Hemophagocytic lymphohistiocytosis (HLH) is a rare syndrome of unchecked immune activation leading to multi-organ damage with a high mortality. It can be hereditary or triggered by an inflammatory process. Mild hepatitis is present in the majority of patients with HLH, but obstructive jaundice has not been reported. We present the case of a 60 year old male who presented with severe obstructive jaundice from HLH triggered by an underlying lymphoma. A 60 y/o male with a history of DM, CAD and CKD presented with severe jaundice, high fevers and fatigue. His bilirubin was 22 with 20.1 of direct; ALT 33, AST 87, and Alk phos of 114. WBC was 12.4 with left shift. CT abdomen showed mild prominence of CBD and fatty liver without lymphadenopathy. Suspecting cholangitis, antibiotics were started. An MRCP did not show any evidence of biliary dilation or choledocholithiasis and an ERCP showed esophagitis and gastritis but again, no evidence of biliary obstruction.

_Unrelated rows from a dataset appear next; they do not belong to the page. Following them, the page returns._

theorem lemma6p3:
  fixes b :: nat and \<gamma> \<alpha> :: real and \<phi> :: "real \<Rightarrow> real"
  assumes "b \<ge> 2"
    and "0 < \<gamma>" and "\<gamma> < 1"
    and "real_analytic \<phi>"
    and "\<forall>x. \<phi> (x + 1) = \<phi> x"
    and "condH b \<gamma> \<phi>"
    and "AE x in lborel. exact_dimensional (m_x b \<gamma> \<phi> x) \<alpha>"
    and "\<alpha> < min 1 (ln (real b) / ln (1 / \<gamma>))"
    and "v \<in> words b" and "w \<in> words b"
  shows "\<exists>i\<in>seqs b. \<exists>j\<in>seqs b. i \<noteq> j \<and> (\<exists>x\<in>cyl_interval b v.
           S_deriv b \<gamma> \<phi> x (concat_word w i) - S_deriv b \<gamma> \<phi> x (concat_word w j) \<noteq> 0)"
proof -
  interpret weierstrass_type b \<gamma> \<phi> "deriv \<phi>"
    using assms real_analytic_imp_C1[OF assms(4)] by unfold_locales auto
  define x where "x = (\<Sum>k<length v. real (v ! k) * real b ^ k) / real b ^ length v"
  have "x \<in> cyl_interval b v"
    unfolding cyl_interval_def x_def Let_def using assms(1) by (simp add: divide_strict_right_mono)
  moreover obtain i j where "i \<in> seqs b" "j \<in> seqs b" "dS x (concat_word w i) \<noteq> dS x (concat_word w j)"
    using dS_concat_word_not_independent[OF assms(6)] by blast
  moreover from this(3) have "i \<noteq> j"
    by blast
  ultimately show ?thesis
    unfolding S_deriv_eq_dS by auto
qed

end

Further work up found a ferritin of 2165 and LDH of 1434. With no lab evidence of hemolytic anemia, a bone marrow biopsy was done, which was inconclusive. Due to progressive liver failure, a liver biopsy was done which showed hemophagocytic histiocytes with evidence of large B cell lymphoma. He had intrahepatic cholestasis due to HLH caused by the lymphoma. Unfortunately with worsening liver and eventual renal failure, he could not receive appropriate chemotherapy, and succumbed to the disease. HLH was considered to be a rare disease in adults; however recently its being increasingly reported, likely due to awareness, rather than rise in incidence. Diagnosis of HLH is a challenge due to nonspecific features mimicking SIRS. Liver injury with mild elevation of transaminases is seen in 85% patients with HLH and about half have hyperbilirubinemia. Florid liver failure is rare, and Post hepatic form of injury mimicking cholangitis has not been reported so far. Prognosis of adult HLH is very poor, with mortality of 41-75% and Delayed diagnosis is considered the most important factor related to treatment failure. Early diagnosis and timely treatment with the HLH-2004 protocol has been shown to improve survival in adult patients with HLH, thus highlighting the importance of recognizing rare presentations of this disease. In patients with liver failure with intrahepatic cholestasis and unclear etiology, HLH should be strongly suspected as timely diagnosis with a Bone marrow or liver biopsy could be life saving.